Start with a “canary” update. This is one replica with one shard that is upgraded to make sure that the procedure works.
Test and verify that everything works properly. Check for any errors in the log files.
If everything is working well, update rest of the cluster.

For small clusters, the BlueGreenDeployment technique is also a good option.

FAQ

How Do I Restrict Memory Usage?

See max_memory_usage for more information.

ClickHouse died during big query execution

Warning

???

oomkiller

How Do I Limit Memory Usage On Group By?

See max_bytes_before_external_group_by.

Data returned in blocks in clickhouse-client

Warning

???

format PrettyCompact + multithreading & streaming.

Either other format PrettyCompactMonoBlock either finish with one stream (for example by adding order by).

I Can’t Connect From Other Hosts

Check the <listen> settings in config.xml. Verify that the connection can connect on both IPV4 and IPV6.

Does clickhouse have stored procedures / UDF?

Not as of this time. PR can be sent with needed functionality.

How do I Store IPv4 and IPv6 Address In One Field?

There is a clean and simple solution for that. Any IPv4 has it’s unique IPv6 mapping:

IPv4 IP address: 191.239.213.197
IPv4-mapped IPv6 address: ::ffff:191.239.213.197

Eventual consistency & atomic insert

Warning

???

sequential = insert_quorum (no concurrent inserts currently :\ ) + select_sequential_consistency

How Do I Simulate Window Functions Using Arrays?

Group with groupArray.
Calculate the needed metrics.
Ungroup back using array join.

How to avoid bugs

ClickHouse is quite young product, but has already thousands of features and development process goes in a very high pace. All core features are well tested, and very stable.

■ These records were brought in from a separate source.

definition graph_iso :: "graph \<Rightarrow> graph \<Rightarrow> bool" where
  "graph_iso G H \<longleftrightarrow> (\<exists>f. bij_betw f (verts G) (verts H) \<and>
      (\<forall>u\<in>verts G. \<forall>v\<in>verts G. adj G u v \<longleftrightarrow> adj H (f u) (f v)))"

text \<open>Vertices that eventually become blue starting from the blue set S under
  the zero forcing color change rule: a blue vertex u all of whose neighbours
  except w are blue (so w is its unique possibly-white neighbour) forces w.\<close>
inductive_set blue_closure :: "graph \<Rightarrow> nat set \<Rightarrow> nat set" for G S where
  init: "v \<in> S \<Longrightarrow> v \<in> blue_closure G S"
| force: "u \<in> blue_closure G S \<Longrightarrow> adj G u w \<Longrightarrow>
          (\<forall>x. adj G u x \<and> x \<noteq> w \<longrightarrow> x \<in> blue_closure G S) \<Longrightarrow>
          w \<in> blue_closure G S"

definition zero_forcing_set :: "graph \<Rightarrow> nat set \<Rightarrow> bool" where
  "zero_forcing_set G S \<longleftrightarrow> S \<subseteq> verts G \<and> verts G \<subseteq> blue_closure G S"

definition zero_forcing_number :: "graph \<Rightarrow> nat" where
  "zero_forcing_number G = Min (card ` {S. zero_forcing_set G S})"

end

theory Submission
  imports Defs
begin

text \<open>The graphs \<open>K\<^sub>1\<^sub>,\<^sub>3 \<union> K\<^sub>2\<close> and \<open>P\<^sub>5 \<union> K\<^sub>1\<close> are cospectral (both have
  spectrum \<open>\<plusminus>\<surd>3, \<plusminus>1, 0, 0\<close>), yet their zero forcing numbers are 3 and 2: two of the
  three pairwise twin leaves of the claw and one end of the edge must be initially blue,
  whereas one end of the path together with the isolated vertex suffices.
  Now take \<open>m = k + 1\<close> disjoint copies of each.  The characteristic polynomial of a
  disjoint union is the product of those of its parts, so the copies stay cospectral;
  only the second graph has isolated vertices, so they are not isomorphic; and forcing
  never crosses between copies, so the zero forcing number is additive, giving
  \<open>3m > 2m + k\<close>.\<close>

section \<open>Disjoint copies of a graph\<close>

text \<open>Vertex \<open>fst G * c + a\<close> of \<open>copies m G\<close> is vertex \<open>a\<close> of the \<open>c\<close>-th copy of \<open>G\<close>.\<close>
definition copies :: "nat \<Rightarrow> graph \<Rightarrow> graph" where
  "copies m G = (m * fst G,
     \<lambda>u v. u div fst G = v div fst G \<and> snd G (u mod fst G) (v mod fst G))"

lemma fst_copies [simp]: "fst (copies m G) = m * fst G"
  by (simp add: copies_def)

lemma mod_less_of_less_mult:
  fixes x n :: nat
  assumes "x < m * n"
  shows "x mod n < n"
  using assms by (cases "n = 0") auto

lemma copy_vertex_in_verts:
  assumes "c < m" "a \<in> verts G"
  shows "fst G * c + a \<in> verts (copies m G)"
proof -
  have "fst G * c + a < Suc c * fst G" using assms(2) by (simp add: verts_def)
  also have "\<dots> \<le> m * fst G" using assms(1) by (intro mult_le_mono1) simp
  finally show ?thesis by (simp add: verts_def)
qed

lemma verts_copiesE:
  assumes "x \<in> verts (copies m G)"
  obtains c a where "c < m" "a \<in> verts G" "x = fst G * c + a"
proof
  show "x div fst G < m" "x mod fst G \<in> verts G"
    using assms by (auto simp: verts_def less_mult_imp_div_less mod_less_of_less_mult)
qed simp

lemma adj_copies:
  "adj (copies m G) u v \<longleftrightarrow>
     u < m * fst G \<and> v < m * fst G \<and> u div fst G = v div fst G \<and>
     adj G (u mod fst G) (v mod fst G)"
  by (cases "fst G = 0") (auto simp: adj_def verts_def copies_def)

lemma adj_copies_same_copy:
  assumes "c < m" "a \<in> verts G" "b \<in> verts G"
  shows "adj (copies m G) (fst G * c + a) (fst G * c + b) \<longleftrightarrow> adj G a b"
  using assms copy_vertex_in_verts[OF assms(1)] by (auto simp: adj_copies verts_def)

lemma adj_copies_Suc:
  "adj (copies (Suc m) G) i j \<longleftrightarrow>
     (if i < fst G \<and> j < fst G then adj G i j
      else fst G \<le> i \<and> fst G \<le> j \<and> adj (copies m G) (i - fst G) (j - fst G))"
proof (cases "fst G = 0")
  case False
  then have shift: "x div fst G = Suc ((x - fst G) div fst G) \<and> x mod fst G = (x - fst G) mod fst G"
    if "fst G \<le> x" for x
    using that by (simp add: le_div_geq le_mod_geq)
  show ?thesis
    by (cases "i < fst G"; cases "j < fst G") (auto simp: adj_copies shift)
qed (simp add: adj_copies)
lemma card_ordered_tie_free_image:
  assumes "inj_on f V" and score: "\<And>x y. x \<in> V \<Longrightarrow> y \<in> V \<Longrightarrow> m (f x) (f y) = s x y"
  shows "card (ordered_tie_free m (f ` V)) = card (ordered_tie_free s V)"
    and "card {t \<in> ordered_tie_free m (f ` V). cyclic m t}
           = card {t \<in> ordered_tie_free s V. cyclic s t}"
proof -
  define g where "g = map_prod f (map_prod f f)"
  have inj: "inj_on g A" if "A \<subseteq> ordered_tie_free s V" for A
    using that inj_on_subset[OF map_prod_inj_on[OF assms(1) map_prod_inj_on[OF assms(1) assms(1)]]]
    by (auto simp: g_def ordered_tie_free_def)
  have image: "ordered_tie_free m (f ` V) = g ` ordered_tie_free s V"
  proof (intro set_eqI iffI)
    fix t
    assume "t \<in> ordered_tie_free m (f ` V)"
    then obtain x y z where "t = g (x, y, z)" "(x, y, z) \<in> ordered_tie_free s V"
      by (auto simp: ordered_tie_free_def g_def score)
    then show "t \<in> g ` ordered_tie_free s V"
      by blast
  qed (auto simp: ordered_tie_free_def g_def score)
  have "{t \<in> ordered_tie_free m (f ` V). cyclic m t}
      = g ` {t \<in> ordered_tie_free s V. cyclic m (g t)}"
    unfolding image by blast
  also have "{t \<in> ordered_tie_free s V. cyclic m (g t)} = {t \<in> ordered_tie_free s V. cyclic s t}"
    by (auto simp: ordered_tie_free_def g_def score)
  finally show "card (ordered_tie_free m (f ` V)) = card (ordered_tie_free s V)"
    and "card {t \<in> ordered_tie_free m (f ` V). cyclic m t}
           = card {t \<in> ordered_tie_free s V. cyclic s t}"
    using image by (simp_all add: card_image inj)
qed

section \<open>A sign-reversing involution makes a quarter of the triples cyclic\<close>

definition cyclic_signs :: "int \<Rightarrow> int \<Rightarrow> int \<Rightarrow> bool" where
  "cyclic_signs p q w \<longleftrightarrow> (p > 0 \<and> q > 0 \<and> w < 0) \<or> (p < 0 \<and> q < 0 \<and> w > 0)"

lemma cyclic_signs_flips:
  assumes "p \<noteq> 0" "q \<noteq> 0" "w \<noteq> 0"
  shows "of_bool (cyclic_signs p q w) + of_bool (cyclic_signs (- p) q (- w))
       + of_bool (cyclic_signs (- p) (- q) w) + of_bool (cyclic_signs p (- q) (- w)) = (1 :: nat)"
  using assms by (cases "p > 0"; cases "q > 0"; cases "w > 0") (auto simp: cyclic_signs_def)

locale score_reflection =
  fixes V E :: "'a set" and s :: "'a \<Rightarrow> 'a \<Rightarrow> int" and r :: "'a \<Rightarrow> 'a"
  assumes finite_V: "finite V"
    and score_antisym: "x \<in> V \<Longrightarrow> y \<in> V \<Longrightarrow> s y x = - s x y"
    and reflect_closed: "x \<in> V - E \<Longrightarrow> r x \<in> V - E"
    and reflect_reflect: "x \<in> V - E \<Longrightarrow> r (r x) = x"
    and score_reflect_left: "x \<in> V - E \<Longrightarrow> y \<in> V \<Longrightarrow> s (r x) y = - s x y"
begin

lemma score_reflect_right: "x \<in> V \<Longrightarrow> y \<in> V - E \<Longrightarrow> s x (r y) = - s x y"
  using score_antisym[of x "r y"] score_antisym[of x y] score_reflect_left[of y x]
    reflect_closed[of y]
  by simp

lemma cyclic_iff_signs:
  "x \<in> V \<Longrightarrow> y \<in> V \<Longrightarrow> z \<in> V \<Longrightarrow> cyclic s (x, y, z) \<longleftrightarrow> cyclic_signs (s x y) (s y z) (s x z)"
  using score_antisym[of x z] score_antisym[of x y] score_antisym[of y z]
  by (auto simp: cyclic_signs_def)

definition regular :: "('a \<times> 'a \<times> 'a) set" where
  "regular = {t \<in> ordered_tie_free s V. \<not> at_least_two_in E t}"

fun flip_left :: "'a \<times> 'a \<times> 'a \<Rightarrow> 'a \<times> 'a \<times> 'a" where
  "flip_left (x, y, z) = (if x \<notin> E then (r x, y, z) else (x, r y, z))"

fun flip_right :: "'a \<times> 'a \<times> 'a \<Rightarrow> 'a \<times> 'a \<times> 'a" where
  "flip_right (x, y, z) = (if z \<notin> E then (x, y, r z) else (x, r y, z))"
(* For $a\in\mathbb{R}$, let the polynomials $H_m(z,a)$ in $z$ be defined by $\sum_{m\ge0}H_m(z,a)t^m=\frac{1}{1+t+at^2+zt^3}$, and let $I_a=\left(-\infty,\frac{-2+9a-2\sqrt{(1-3a)^3}}{27}\right]$. Let $S$ be a dense subset of $[-1,1/3]$ and fix $m\in\mathbb{N}$. If $\mathcal{Z}(H_m(z,a))\subseteq I_a$ for all $a\in S$, then $\mathcal{Z}(H_m(z,a^* ))\subseteq I_{a^*}$ for all $a^*\in[-1,1/3]$.
   Context: $\mathcal{Z}(H_m(z,a))$ denotes the set of zeros in $z$ of the polynomial $H_m(z,a)$. *)

theory Defs
  imports "HOL-Analysis.Analysis" "HOL-Computational_Algebra.Formal_Power_Series"
begin

text \<open>H_m(z,a) evaluated at a complex point z: the m-th coefficient of the formal power
  series 1/(1 + t + a t^2 + z t^3) (constant term 1, so the inverse is the genuine one).\<close>
definition H :: "nat \<Rightarrow> complex \<Rightarrow> real \<Rightarrow> complex" where
  "H m z a = fps_nth (inverse (1 + fps_X + fps_const (complex_of_real a) * fps_X ^ 2
                               + fps_const z * fps_X ^ 3)) m"

definition Zset :: "nat \<Rightarrow> real \<Rightarrow> complex set" where
  "Zset m a = {z. H m z a = 0}"

definition Iint :: "real \<Rightarrow> real set" where
  "Iint a = {.. (-2 + 9*a - 2 * sqrt ((1 - 3*a) ^ 3)) / 27}"

end

(*
  H_m(z,a) is a polynomial in z of degree m div 3 whose coefficients are polynomials in a, and
  its leading coefficient does not vanish for a < 1. Zeros of polynomials depend continuously on
  the coefficients as long as the degree does not drop, so every zero of H_m(_, a') is a limit
  of zeros of H_m(_, a) for a in S tending to a'. These are real and bounded by the right
  endpoint of I_a, which is continuous in a; hence the limit lies in I_a'.
*)

theory Submission
  imports Defs "HOL-Computational_Algebra.Fundamental_Theorem_Algebra"
begin

lemma H_recurrence:
  fixes z :: complex and a :: real
  shows "H 0 z a = 1" "H (Suc 0) z a = -1" "H (Suc (Suc 0)) z a = 1 - of_real a"
    "H (Suc (Suc (Suc n))) z a = - H (Suc (Suc n)) z a - of_real a * H (Suc n) z a - z * H n z a"
proof -
  define D :: "complex fps" where
    "D = 1 + fps_X + fps_const (of_real a) * fps_X ^ 2 + fps_const z * fps_X ^ 3"
  define F where "F = inverse D"
  have H_F: "H k z a = fps_nth F k" for k by (simp add: H_def F_def D_def)
  have "D * F = 1" unfolding F_def by (rule inverse_mult_eq_1') (simp add: D_def)
  then have "F + fps_X * F + fps_const (of_real a) * (fps_X ^ 2 * F)
      + fps_const z * (fps_X ^ 3 * F) = 1"
    by (simp add: D_def algebra_simps)
  then have coeffs: "fps_nth F k + fps_nth (fps_X * F) k + of_real a * fps_nth (fps_X ^ 2 * F) k
      + z * fps_nth (fps_X ^ 3 * F) k = (if k = 0 then 1 else 0)" for k
    by (metis fps_add_nth fps_mult_left_const_nth fps_one_nth)
  have F0: "fps_nth F 0 = 1"
    using coeffs[of 0] by (simp add: fps_X_power_mult_nth)
  have F1: "fps_nth F 1 = - fps_nth F 0"
    using coeffs[of 1] by (simp add: fps_X_power_mult_nth) algebra
  have F2: "fps_nth F 2 = - fps_nth F 1 - of_real a * fps_nth F 0"
    using coeffs[of 2] by (simp add: fps_X_power_mult_nth) algebra
  have F3: "fps_nth F (n + 3) = - fps_nth F (n + 2) - of_real a * fps_nth F (n + 1) - z * fps_nth F n"
    using coeffs[of "n + 3"] by (simp add: fps_X_power_mult_nth) algebra
  show "H 0 z a = 1" "H (Suc 0) z a = -1" "H (Suc (Suc 0)) z a = 1 - of_real a"
    "H (Suc (Suc (Suc n))) z a = - H (Suc (Suc n)) z a - of_real a * H (Suc n) z a - z * H n z a"
    using F0 F1 F2 F3 unfolding H_F by (simp_all add: eval_nat_numeral)
qed

fun H_poly :: "nat \<Rightarrow> real \<Rightarrow> complex poly" where
  "H_poly 0 a = 1"
| "H_poly (Suc 0) a = -1"
| "H_poly (Suc (Suc 0)) a = [:1 - of_real a:]"
| "H_poly (Suc (Suc (Suc n))) a =
     - H_poly (Suc (Suc n)) a - smult (of_real a) (H_poly (Suc n) a) - pCons 0 (H_poly n a)"

lemma poly_H_poly: "poly (H_poly n a) z = H n z a"
  by (induction n a rule: H_poly.induct) (simp_all add: H_recurrence algebra_simps)

lemma degree_H_poly_le: "degree (H_poly n a) \<le> n div 3"
proof (induction n a rule: H_poly.induct)
  case (4 n a)
  then show ?case
    by (auto simp: degree_pCons_eq_if intro!: degree_diff_le order.trans[OF degree_smult_le])
qed simp_all

lemma continuous_coeff_H_poly: "continuous_on UNIV (\<lambda>b. coeff (H_poly n b) k)"
proof (induction n "0::real" arbitrary: k rule: H_poly.induct)
  case (4 n k)
  have "continuous_on UNIV (\<lambda>b. coeff (pCons 0 (H_poly n b)) k)"
    using "4"(3) by (cases k) auto
  with "4"(1,2) show ?case
    by (simp only: H_poly.simps coeff_diff coeff_minus coeff_smult) (intro continuous_intros)
next
  case (3 k)
  show ?case by (cases k) (auto intro!: continuous_intros)
qed (auto simp: coeff_pCons split: nat.split)

lemma coeff_H_poly_top:
  "coeff (H_poly (3 * q) a) q = (-1) ^ q \<and>
   coeff (H_poly (3 * q + 1) a) q = - ((-1) ^ q * of_nat (q + 1)) \<and>
   coeff (H_poly (3 * q + 2) a) q = (-1) ^ q * of_nat (q + 1) * (of_nat (q + 2) / 2 - of_real a)"
proof (induction q)
  case 0
  show ?case by (simp add: numeral_2_eq_2)
next
  case (Suc q)
  have rec: "coeff (H_poly (n + 3) a) (Suc k)
      = - coeff (H_poly (n + 2) a) (Suc k) - of_real a * coeff (H_poly (n + 1) a) (Suc k)
        - coeff (H_poly n a) k"
    for n k by (simp add: eval_nat_numeral)
  have above_degree: "coeff (H_poly (3 * q + r) a) (Suc q) = 0" if "r < 3" for r
    by (rule coeff_eq_0, rule le_less_trans[OF degree_H_poly_le]) (use that in simp)
  have c0: "coeff (H_poly (3 * q) a) q = (-1) ^ q"
    and c1: "coeff (H_poly (3 * q + 1) a) q = - ((-1) ^ q * of_nat (q + 1))"
    and c2: "coeff (H_poly (3 * q + 2) a) q
      = (-1) ^ q * of_nat (q + 1) * (of_nat (q + 2) / 2 - of_real a)"
    using Suc.IH by blast+
  have index_arith:
    "3 * q + 1 + 3 = 3 * q + 4" "3 * q + 1 + 2 = 3 * q + 3" "3 * q + 1 + 1 = 3 * q + 2"
    "3 * q + 2 + 3 = 3 * q + 5" "3 * q + 2 + 2 = 3 * q + 4" "3 * q + 2 + 1 = 3 * q + 3"
    by simp_all
  have "coeff (H_poly (3 * q + 3) a) (Suc q)
      = - coeff (H_poly (3 * q + 2) a) (Suc q) - of_real a * coeff (H_poly (3 * q + 1) a) (Suc q)
        - coeff (H_poly (3 * q) a) q"
    by (rule rec)
  also have "\<dots> = (-1) ^ Suc q"
    using above_degree[of 1] above_degree[of 2] c0 by simp
  finally have d0: "coeff (H_poly (3 * q + 3) a) (Suc q) = (-1) ^ Suc q" .
  have "coeff (H_poly (3 * q + 4) a) (Suc q)
      = - coeff (H_poly (3 * q + 3) a) (Suc q) - of_real a * coeff (H_poly (3 * q + 2) a) (Suc q)
        - coeff (H_poly (3 * q + 1) a) q"
    using rec[of "3 * q + 1" q] unfolding index_arith .
  also have "\<dots> = - ((-1) ^ Suc q * of_nat (Suc q + 1))"
    using above_degree[of 2] d0 c1 by (simp add: algebra_simps)
  finally have d1:
    "coeff (H_poly (3 * q + 4) a) (Suc q) = - ((-1) ^ Suc q * of_nat (Suc q + 1))" .
  have "coeff (H_poly (3 * q + 5) a) (Suc q)
      = - coeff (H_poly (3 * q + 4) a) (Suc q) - of_real a * coeff (H_poly (3 * q + 3) a) (Suc q)
        - coeff (H_poly (3 * q + 2) a) q"
    using rec[of "3 * q + 2" q] unfolding index_arith .
  also have "\<dots> = (-1) ^ Suc q * of_nat (Suc q + 1) * (of_nat (Suc q + 2) / 2 - of_real a)"
    using d0 d1 c2 by (simp add: field_simps)
  finally have d2: "coeff (H_poly (3 * q + 5) a) (Suc q)
      = (-1) ^ Suc q * of_nat (Suc q + 1) * (of_nat (Suc q + 2) / 2 - of_real a)" .
  have "3 * Suc q = 3 * q + 3" "3 * Suc q + 1 = 3 * q + 4" "3 * Suc q + 2 = 3 * q + 5"
    by simp_all
  with d0 d1 d2 show ?case by (simp only:)
qed

lemma coeff_H_poly_top_nonzero:
  assumes "a < 1"
  shows "coeff (H_poly n a) (n div 3) \<noteq> 0"
proof -
  define q where "q = n div 3"
  have sign: "(-1 :: complex) ^ q \<noteq> 0" by simp
  have "(of_nat (q + 1) :: complex) \<noteq> 0" by (metis of_nat_eq_0_iff add_is_0 one_neq_zero)
  moreover have "Re (of_nat (q + 2) / 2 - complex_of_real a) > 0" using assms by simp
  then have "of_nat (q + 2) / 2 - complex_of_real a \<noteq> 0"
    by (metis less_irrefl zero_complex.simps(1))
  moreover have "n = 3 * q \<or> n = 3 * q + 1 \<or> n = 3 * q + 2" unfolding q_def by presburger
  ultimately have "coeff (H_poly n a) q \<noteq> 0"
    using coeff_H_poly_top[of q a] sign by (metis mult_eq_0_iff neg_equal_0_iff_equal)
  then show ?thesis unfolding q_def .
qed

lemma degree_H_poly:
  assumes "a < 1"
  shows "degree (H_poly n a) = n div 3"
  using degree_H_poly_le coeff_H_poly_top_nonzero[OF assms] by (meson antisym le_degree)

lemma norm_poly_ge_lead_coeff_mult_root_dist:
  fixes p :: "complex poly"
  assumes "0 \<le> e" and roots_far: "\<And>x. poly p x = 0 \<Longrightarrow> e \<le> cmod (z - x)"
  shows "cmod (lead_coeff p) * e ^ degree p \<le> cmod (poly p z)"
proof (cases "p = 0")
  case False
  have prod_ge: "e ^ size M \<le> cmod (\<Prod>x\<in>#M. z - x)" if "\<forall>x\<in>#M. poly p x = 0" for M
    using that
  proof (induction M)
    case (add x M)
    then have "e * e ^ size M \<le> cmod (z - x) * cmod (\<Prod>x\<in>#M. z - x)"
      using \<open>0 \<le> e\<close> roots_far by (intro mult_mono) auto
    then show ?case by (simp add: norm_mult)
  qed simp
  have "e ^ degree p \<le> cmod (\<Prod>x\<in>#proots p. z - x)"
    using prod_ge[of "proots p"] False by (simp add: size_proots_complex)
  moreover have "poly p z = lead_coeff p * (\<Prod>x\<in>#proots p. z - x)"
    by (subst complex_poly_decompose_multiset[symmetric]) (simp add: poly_prod_mset)
  ultimately show ?thesis
    by (simp add: norm_mult mult_left_mono)
qed simp

lemma poly_root_near:
  fixes p :: "complex poly"
  assumes "0 < e" and "cmod (poly p z) < cmod (lead_coeff p) * e ^ degree p"
  shows "\<exists>x. poly p x = 0 \<and> cmod (z - x) < e"
  using norm_poly_ge_lead_coeff_mult_root_dist[of e p z] assms by force

lemma eventually_root_near_of_coeffs_tendsto:
  fixes P :: "nat \<Rightarrow> complex poly"
  assumes coeff_lim: "\<And>k. (\<lambda>n. coeff (P n) k) \<longlonglongrightarrow> coeff p k"
    and degree_P: "\<And>n. degree (P n) = degree p"
    and "p \<noteq> 0" and "poly p z = 0" and "0 < e"
  shows "eventually (\<lambda>n. \<exists>x. poly (P n) x = 0 \<and> cmod (z - x) < e) sequentially"
proof -
  have "(\<lambda>n. \<Sum>i\<le>degree p. coeff (P n) i * z ^ i) \<longlonglongrightarrow> (\<Sum>i\<le>degree p. coeff p i * z ^ i)"
    by (intro tendsto_intros coeff_lim)
  then have "(\<lambda>n. poly (P n) z) \<longlonglongrightarrow> poly p z"
    by (simp add: poly_altdef degree_P)
  then have "(\<lambda>n. cmod (lead_coeff (P n)) * e ^ degree p - cmod (poly (P n) z))
      \<longlonglongrightarrow> cmod (lead_coeff p) * e ^ degree p - cmod (poly p z)"
    using coeff_lim[of "degree p"] by (intro tendsto_intros) (simp_all add: degree_P)
  moreover have "cmod (lead_coeff p) * e ^ degree p - cmod (poly p z) > 0"
    using \<open>p \<noteq> 0\<close> \<open>poly p z = 0\<close> \<open>0 < e\<close> by simp
  ultimately have "eventually (\<lambda>n.
      0 < cmod (lead_coeff (P n)) * e ^ degree p - cmod (poly (P n) z)) sequentially"
    by (rule order_tendstoD(1))
  then show ?thesis
    by (rule eventually_mono) (use poly_root_near[OF \<open>0 < e\<close>] degree_P in force)
qed

lemma in_of_real_atMost_if_approx:
  assumes "\<And>e. 0 < e \<Longrightarrow> \<exists>r. r \<le> c + e \<and> cmod (z - of_real r) < e"
  shows "z \<in> complex_of_real ` {..c}"
proof -
  have close: "\<bar>Im z\<bar> < e \<and> Re z < c + 2 * e" if "0 < e" for e
  proof -
    obtain r where "r \<le> c + e" "cmod (z - of_real r) < e" using assms \<open>0 < e\<close> by blast
    moreover have "\<bar>Im z\<bar> \<le> cmod (z - of_real r)" "Re z - r \<le> cmod (z - of_real r)"
      using abs_Im_le_cmod[of "z - of_real r"] abs_Re_le_cmod[of "z - of_real r"] by auto
    ultimately show ?thesis by linarith
  qed
  have "Im z = 0"
    using close[of "\<bar>Im z\<bar>"] by fastforce
  moreover have "Re z \<le> c"
  proof (rule field_le_epsilon)
    fix e :: real
    assume "0 < e"
    then show "Re z \<le> c + e" using close[of "e / 2"] by simp
  qed
  ultimately show ?thesis
    by (metis atMost_iff complex_is_Real_iff imageI of_real_Re)
qed

lemma eventually_Zset_near:
  assumes "s \<longlonglongrightarrow> a0" and "\<And>n. s n < 1" and "a0 < 1" and "z \<in> Zset m a0" and "0 < e"
  shows "eventually (\<lambda>n. \<exists>x\<in>Zset m (s n). cmod (z - x) < e) sequentially"
proof -
  have "(\<lambda>n. coeff (H_poly m (s n)) k) \<longlonglongrightarrow> coeff (H_poly m a0) k" for k
    using continuous_on_tendsto_compose[OF continuous_coeff_H_poly \<open>s \<longlonglongrightarrow> a0\<close>] by simp
  moreover have "H_poly m a0 \<noteq> 0"
    using coeff_H_poly_top_nonzero[OF \<open>a0 < 1\<close>, of m] by auto
  moreover have "poly (H_poly m a0) z = 0"
    using \<open>z \<in> Zset m a0\<close> by (simp add: Zset_def poly_H_poly)
  ultimately have "eventually (\<lambda>n.
      \<exists>x. poly (H_poly m (s n)) x = 0 \<and> cmod (z - x) < e) sequentially"
    using assms by (intro eventually_root_near_of_coeffs_tendsto) (simp_all add: degree_H_poly)
  then show ?thesis
    by (simp add: Zset_def poly_H_poly)
qed

definition Iint_end :: "real \<Rightarrow> real" where
  "Iint_end a = (-2 + 9 * a - 2 * sqrt ((1 - 3 * a) ^ 3)) / 27"

lemma Iint_eq_atMost: "Iint a = {..Iint_end a}"
  by (simp add: Iint_def Iint_end_def)

lemma isCont_Iint_end: "isCont Iint_end a"
  unfolding Iint_end_def by (intro continuous_intros) simp

theorem lemma2p2:
  fixes S :: "real set" and m :: nat
  assumes "S \<subseteq> {-1..1/3}"
    and "{-1..1/3} \<subseteq> closure S"
    and "\<forall>a\<in>S. Zset m a \<subseteq> complex_of_real ` Iint a"
  shows "\<forall>a\<in>{-1..1/3}. Zset m a \<subseteq> complex_of_real ` Iint a"
proof (intro ballI subsetI)
  fix a0 z
  assume a0: "a0 \<in> {-1..1/3}" and "z \<in> Zset m a0"
  obtain s where s_S: "\<And>n. s n \<in> S" and s_lim: "s \<longlonglongrightarrow> a0"
    using a0 assms(2) closure_sequential by blast
  have "\<exists>r. r \<le> Iint_end a0 + e \<and> cmod (z - of_real r) < e" if "0 < e" for e
  proof -
    have "s n < 1" for n
      using s_S[of n] assms(1) by fastforce
    moreover have "a0 < 1" using a0 by simp
    ultimately have "eventually (\<lambda>n. \<exists>x\<in>Zset m (s n). cmod (z - x) < e) sequentially"
      using \<open>z \<in> Zset m a0\<close> \<open>0 < e\<close> by (intro eventually_Zset_near[OF s_lim])
    moreover have "eventually (\<lambda>n. Iint_end (s n) < Iint_end a0 + e) sequentially"
      using isCont_tendsto_compose[OF isCont_Iint_end s_lim] \<open>0 < e\<close>
      by (simp add: order_tendstoD(2))
    ultimately have "eventually (\<lambda>n. (\<exists>x\<in>Zset m (s n). cmod (z - x) < e)
        \<and> Iint_end (s n) < Iint_end a0 + e) sequentially"
      by (rule eventually_conj)
    then obtain n x where "x \<in> Zset m (s n)" "cmod (z - x) < e" "Iint_end (s n) < Iint_end a0 + e"
      unfolding eventually_sequentially by blast
    moreover obtain r where "x = of_real r" "r \<le> Iint_end (s n)"
      using assms(3) s_S \<open>x \<in> Zset m (s n)\<close> unfolding Iint_eq_atMost by blast
    ultimately show ?thesis by (intro exI[of _ r]) auto
  qed
  then show "z \<in> complex_of_real ` Iint a0"
    unfolding Iint_eq_atMost by (rule in_of_real_atMost_if_approx)
qed

end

Historically for all projects, new features can be less stable. Usually these are adopted by the community and stabilize quickly. And And of course all possible combinations of features just physically can’t be tested.

We recommend the following practices:

Check all the changes on the staging first, especially if some new features are used.
Check latest stable or test versions of ClickHouse on your staging environment regularly and pass the feedback to us or on the official ClickHouse github.
Ask for known issues report before updating production.
For production, versions with the 3rd digit should be as high as possible indicating they are the most recent big fix Release ID. For example, version 20.3.5:
1. 20 is the year of release.
2. 3 indicates a Feature Release. This is an increment where features are delivered.
3. 5 is the bug fix Release Id. New Feature Releases typically have a 1 in the Release Id section and potentially more undiscovered bugs.